Stored dataset items
*** Begin section ***
(* Let $(X,.)$ be an $n$-space and $\mu\colon\mathcal{B}(X)\to\mathbb{R}_+$ a regular (finite, nonnegative) Borel measure. For any $f\in\mathcal{B}C^*(X,.)$ and $\varepsilon>0$ there exists $g\in C^*(X,.)$ such that $\sup_{x\in X}\|g(x)\|\leq\sup_{x\in X}\|f(x)\|$ and $\int_X\|f(x)-g(x)\|\,d\mu(x)<\varepsilon$.
   Context: $M_n$ = complex $n\times n$ matrices with operator norm, $\mathbb{U}_n=\mathcal{U}_n/(\mathbb{T}I)$ ($\mathcal{U}_n$ the unitary group), $\mathfrak{u}.A=UAU^{-1}$. An $n$-space is a locally compact Hausdorff space $X$ with a continuous free action of $\mathbb{U}_n$; $\mathcal{B}(X)$ is its Borel $\sigma$-algebra. $C^*(X,.)$: continuous $f\colon X\to M_n$ vanishing at infinity with $f(\mathfrak{u}.x)=\mathfrak{u}.f(x)$; $\mathcal{B}C^*(X,.)$: bounded Borel $f\colon X\to M_n$ with the same equivariance. *)

theory Defs
  imports "HOL-Analysis.Analysis"
begin

text \<open>Matrices in M_n are represented as complex^'n^'n, with n = CARD('n).\<close>

definition cadj :: "complex^'n^'n \<Rightarrow> complex^'n^'n" where
  "cadj A = (\<chi> i j. cnj (A $ j $ i))"

definition unitary_mat :: "complex^'n^'n \<Rightarrow> bool" where
  "unitary_mat U \<longleftrightarrow> U ** cadj U = mat 1 \<and> cadj U ** U = mat 1"

definition opnorm :: "complex^'n^'n \<Rightarrow> real" where
  "opnorm A = onorm (\<lambda>x. A *v x)"

text \<open>Action of the projective unitary group U_n/(T I), given as an action of
  U_n on which the scalar unitaries act trivially; freeness of the PU_n-action
  means that only scalar unitaries have fixed points; continuity of the
  PU_n-action is equivalent to continuity of the lifted U_n-action.\<close>
definition n_space_action :: "(complex^'n^'n \<Rightarrow> 'a::topological_space \<Rightarrow> 'a) \<Rightarrow> bool" where
  "n_space_action act \<longleftrightarrow>
     (\<forall>x. act (mat 1) x = x) \<and>
     (\<forall>U V x. unitary_mat U \<longrightarrow> unitary_mat V \<longrightarrow> act (U ** V) x = act U (act V x)) \<and>
     (\<forall>c x. norm c = 1 \<longrightarrow> act (mat c) x = x) \<and>
     (\<forall>U x. unitary_mat U \<longrightarrow> act U x = x \<longrightarrow> (\<exists>c. norm c = 1 \<and> U = mat c)) \<and>
     continuous_on ({U. unitary_mat U} \<times> UNIV) (\<lambda>(U, x). act U x)"

definition equivariant :: "(complex^'n^'n \<Rightarrow> 'a \<Rightarrow> 'a) \<Rightarrow> ('a \<Rightarrow> complex^'n^'n) \<Rightarrow> bool" where
  "equivariant act f \<longleftrightarrow>
     (\<forall>U x. unitary_mat U \<longrightarrow> f (act U x) = U ** f x ** cadj U)"

definition Cstar :: "(complex^'n^'n \<Rightarrow> 'a::topological_space \<Rightarrow> 'a) \<Rightarrow> ('a \<Rightarrow> complex^'n^'n) set" where
  "Cstar act = {g. continuous_on UNIV g \<and> equivariant act g \<and>
     (\<forall>e>0. \<exists>K. compact K \<and> (\<forall>x. x \<notin> K \<longrightarrow> opnorm (g x) < e))}"

definition BCstar :: "(complex^'n^'n \<Rightarrow> 'a::topological_space \<Rightarrow> 'a) \<Rightarrow> ('a \<Rightarrow> complex^'n^'n) set" where
  "BCstar act = {f. f \<in> borel_measurable borel \<and> bounded (range f) \<and> equivariant act f}"

definition regular_borel_measure :: "'a::topological_space measure \<Rightarrow> bool" where
  "regular_borel_measure M \<longleftrightarrow> sets M = sets borel \<and> finite_measure M \<and>
     (\<forall>A \<in> sets borel.
        emeasure M A = (SUP K \<in> {K. K \<subseteq> A \<and> compact K}. emeasure M K) \<and>
        emeasure M A = (INF U \<in> {U. A \<subseteq> U \<and> open U}. emeasure M U))"

end

theory Submission
  imports Defs
begin

text \<open>By Lusin's theorem \<open>f\<close> is continuous on a compact set \<open>K\<^sub>0\<close> of almost full measure,
  and by equivariance also on its unitary orbit \<open>K\<^sub>1 \<supseteq> K\<^sub>0\<close>, which is again compact.  A Tietze
  extension of \<open>f|K\<^sub>1\<close>, radially truncated to operator norm \<open>\<le> sup \<parallel>f\<parallel>\<close> and cut off outside a
  compact set, is then averaged over the unitary group: \<open>g(x) = \<integral> W g(W\<^sup>-\<^sup>1.x) W\<^sup>-\<^sup>1 dH(W)\<close>.
  The average is continuous, equivariant, compactly supported and still bounded, and it agrees
  with \<open>f\<close> on \<open>K\<^sub>1\<close>; the \<open>L\<^sup>1\<close> error is at most \<open>2 sup \<parallel>f\<parallel> \<mu>(X - K\<^sub>0)\<close>.
  The Haar measure \<open>H\<close> is obtained by pushing Lebesgue measure on a unitarily invariant ball of
  invertible matrices forward along Gram--Schmidt orthonormalisation, which commutes with
  left multiplication by unitaries.\<close>

section \<open>Unitary matrices and the operator norm\<close>

definition cinner :: "complex^'n \<Rightarrow> complex^'n \<Rightarrow> complex" where
  "cinner x y = (\<Sum>i\<in>UNIV. cnj (x$i) * y$i)"

lemma cadj_nth [simp]: "cadj A $ i $ j = cnj (A $ j $ i)"
  by (simp add: cadj_def)

lemma cadj_cadj [simp]: "cadj (cadj A) = A"
  by (simp add: vec_eq_iff)

lemma cadj_mat [simp]: "cadj (mat c) = mat (cnj c)"
  by (simp add: vec_eq_iff mat_def)

lemma cadj_matrix_mult: "cadj (A ** B) = cadj B ** cadj A"
  by (simp add: vec_eq_iff matrix_matrix_mult_def mult.commute)

lemma unitary_mat_iff_left: "unitary_mat U \<longleftrightarrow> cadj U ** U = mat 1"
  unfolding unitary_mat_def using matrix_left_right_inverse by blast

lemma unitary_mat_cadj: "unitary_mat U \<Longrightarrow> unitary_mat (cadj U)"
  unfolding unitary_mat_def by simp

lemma unitary_mat_mult: "unitary_mat U \<Longrightarrow> unitary_mat V \<Longrightarrow> unitary_mat (U ** V)"
  unfolding unitary_mat_iff_left cadj_matrix_mult
  by (metis matrix_mul_assoc matrix_mul_lid)

lemma unitary_mat_1: "unitary_mat (mat 1)"
  by (simp add: unitary_mat_def)

lemma unitary_mat_imp_invertible: "unitary_mat U \<Longrightarrow> invertible U"
  unfolding unitary_mat_def invertible_def by blast

lemma cadj_mult_unitary_cancel: "unitary_mat V \<Longrightarrow> cadj V ** (V ** A) = A"
  by (simp add: matrix_mul_assoc unitary_mat_iff_left)

lemma invertible_unitary_mult_iff:
  assumes "unitary_mat V" shows "invertible (V ** A) \<longleftrightarrow> invertible A"
  by (metis assms cadj_mult_unitary_cancel invertible_mult unitary_mat_cadj
      unitary_mat_imp_invertible)

lemma cinner_self: "cinner x x = of_real ((norm x)^2)"
proof -
  have "cnj (x$i) * x$i = of_real ((norm (x$i))^2)" for i
    by (metis complex_norm_square mult.commute)
  then have "cinner x x = (\<Sum>i\<in>UNIV. of_real ((norm (x$i))^2))"
    by (simp add: cinner_def)
  also have "\<dots> = of_real ((norm x)^2)"
    by (simp add: norm_vec_def L2_set_def sum_nonneg)
  finally show ?thesis .
qed

lemma norm_eq_iff_cinner_self_eq: "norm x = norm y \<longleftrightarrow> cinner x x = cinner y y"
  unfolding cinner_self of_real_eq_iff by (simp add: power2_eq_iff_nonneg)

lemma cinner_matrix_vector_mult_left: "cinner (A *v x) y = cinner x (cadj A *v y)"
proof -
  have "cinner (A *v x) y = (\<Sum>i\<in>UNIV. \<Sum>j\<in>UNIV. cnj (A$i$j) * cnj (x$j) * y$i)"
    unfolding cinner_def matrix_vector_mult_def by (simp add: sum_distrib_right)
  also have "\<dots> = (\<Sum>j\<in>UNIV. \<Sum>i\<in>UNIV. cnj (A$i$j) * cnj (x$j) * y$i)"
    by (rule sum.swap)
  also have "\<dots> = cinner x (cadj A *v y)"
    unfolding cinner_def matrix_vector_mult_def by (simp add: sum_distrib_left mult_ac)
  finally show ?thesis .
qed

lemma cinner_unitary: "unitary_mat V \<Longrightarrow> cinner (V *v x) (V *v y) = cinner x y"
  by (simp add: cinner_matrix_vector_mult_left matrix_vector_mul_assoc unitary_mat_iff_left)

lemma norm_unitary_matrix_vector_mult: "unitary_mat U \<Longrightarrow> norm (U *v x) = norm x"
  by (simp add: norm_eq_iff_cinner_self_eq cinner_unitary)

lemma cinner_diff_right: "cinner x (y - z) = cinner x y - cinner x z"
  by (simp add: cinner_def sum_subtractf right_diff_distrib)

lemma cinner_sum_right: "cinner x (\<Sum>l\<in>L. f l) = (\<Sum>l\<in>L. cinner x (f l))"
  by (simp add: cinner_def sum_distrib_left sum_component) (rule sum.swap)

lemma cinner_smult_right: "cinner x (a *s y) = a * cinner x y"
  by (simp add: cinner_def sum_distrib_left mult_ac)

lemma scaleR_complex_vector_nth: "(r *\<^sub>R y) $ i = complex_of_real r * (y::complex^'n) $ i"
  by (metis scaleR_conv_of_real vector_scaleR_component)

lemma scaleR_eq_smult: "r *\<^sub>R (y::complex^'n) = complex_of_real r *s y"
  by (simp only: vec_eq_iff scaleR_complex_vector_nth vector_smult_component) simp

lemma cinner_scaleR_right: "cinner x (r *\<^sub>R y) = of_real r * cinner x y"
  by (simp add: scaleR_eq_smult cinner_smult_right)

lemma cinner_commute: "cinner y x = cnj (cinner x y)"
  by (simp add: cinner_def mult.commute)

lemma matrix_vector_mult_sum: "(M::'a::semiring_1^'n^'m) *v (\<Sum>l\<in>L. f l) = (\<Sum>l\<in>L. M *v f l)"
  by (induction L rule: infinite_finite_induct) (simp_all add: matrix_vector_right_distrib)

lemma matrix_vector_mult_smult: "(M::'a::comm_semiring_1^'n^'m) *v (a *s x) = a *s (M *v x)"
  by (simp add: vec_eq_iff matrix_vector_mult_def sum_distrib_left mult_ac)

lemma matrix_vector_mult_scaleR_complex: "(M::complex^'n^'n) *v (a *\<^sub>R x) = a *\<^sub>R (M *v x)"
  by (simp add: scaleR_eq_smult matrix_vector_mult_smult)

lemma matrix_vector_mult_axis: "(M::'a::semiring_1^'n^'m) *v axis j 1 = column j M"
  by (simp add: vec_eq_iff matrix_vector_mult_def column_def axis_def if_distrib cong: if_cong)

lemma scaleR_matrix_vector_mult: "(c *\<^sub>R A) *v x = c *\<^sub>R (A *v x)"
  for A :: "'a::real_algebra_1^'n^'m"
  by (simp add: vec_eq_iff matrix_vector_mult_def scaleR_sum_right)

lemma opnorm_matrix_vector_mult: "norm (A *v x) \<le> opnorm A * norm x"
  unfolding opnorm_def using onorm[OF matrix_vector_mul_bounded_linear] by blast

lemma opnorm_nonneg: "0 \<le> opnorm A"
  unfolding opnorm_def using onorm_pos_le[OF matrix_vector_mul_bounded_linear] by blast

lemma opnorm_le: "(\<And>x. norm (A *v x) \<le> b * norm x) \<Longrightarrow> opnorm A \<le> b"
  unfolding opnorm_def by (rule onorm_le) auto

lemma opnorm_0 [simp]: "opnorm (0::complex^'n^'n) = 0"
proof -
  have "(*v) (0::complex^'n^'n) = (\<lambda>_. 0)" by (simp add: fun_eq_iff)
  then show ?thesis unfolding opnorm_def by (simp only: onorm_zero)
qed

lemma opnorm_eq_0_iff: "opnorm A = 0 \<longleftrightarrow> A = 0"
proof
  assume "opnorm A = 0"
  then have "A *v x = 0 *v x" for x
    using opnorm_matrix_vector_mult[of A x] by simp
  then show "A = 0" using matrix_eq by blast
qed simp

lemma opnorm_add: "opnorm (A + B) \<le> opnorm A + opnorm B"
proof (rule opnorm_le)
  fix x
  have "norm ((A + B) *v x) \<le> norm (A *v x) + norm (B *v x)"
    by (simp add: matrix_vector_mult_add_rdistrib norm_triangle_ineq)
  also have "\<dots> \<le> (opnorm A + opnorm B) * norm x"
    using add_mono[OF opnorm_matrix_vector_mult opnorm_matrix_vector_mult]
    by (simp add: distrib_right)
  finally show "norm ((A + B) *v x) \<le> (opnorm A + opnorm B) * norm x" .
qed

lemma opnorm_minus: "opnorm (- A) = opnorm A"
proof -
  have "(*v) (- A) = (\<lambda>x. - (A *v x))"
    by (simp add: fun_eq_iff vec_eq_iff matrix_vector_mult_def sum_negf)
  then show ?thesis unfolding opnorm_def by (simp add: onorm_neg)
qed

lemma opnorm_diff: "opnorm (A - B) \<le> opnorm A + opnorm B"
  using opnorm_add[of A "- B"] by (simp add: opnorm_minus)

lemma abs_opnorm_diff_le: "\<bar>opnorm A - opnorm B\<bar> \<le> opnorm (A - B)"
  using opnorm_add[of B "A - B"] opnorm_add[of A "B - A"] opnorm_minus[of "A - B"]
  by simp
*** End section ***
**TASK OBJECTIVE:**
Above are the entries. Quote exactly the lines from the one bearing "unfolding unitary_mat_def by simp" through the one bearing "unfolding unitary_mat_def invertible_def".

**SOLUTION FOR THIS TASK:**
  unfolding unitary_mat_def by simp

lemma unitary_mat_mult: "unitary_mat U \<Longrightarrow> unitary_mat V \<Longrightarrow> unitary_mat (U ** V)"
  unfolding unitary_mat_iff_left cadj_matrix_mult
  by (metis matrix_mul_assoc matrix_mul_lid)

lemma unitary_mat_1: "unitary_mat (mat 1)"
  by (simp add: unitary_mat_def)

lemma unitary_mat_imp_invertible: "unitary_mat U \<Longrightarrow> invertible U"
  unfolding unitary_mat_def invertible_def by blast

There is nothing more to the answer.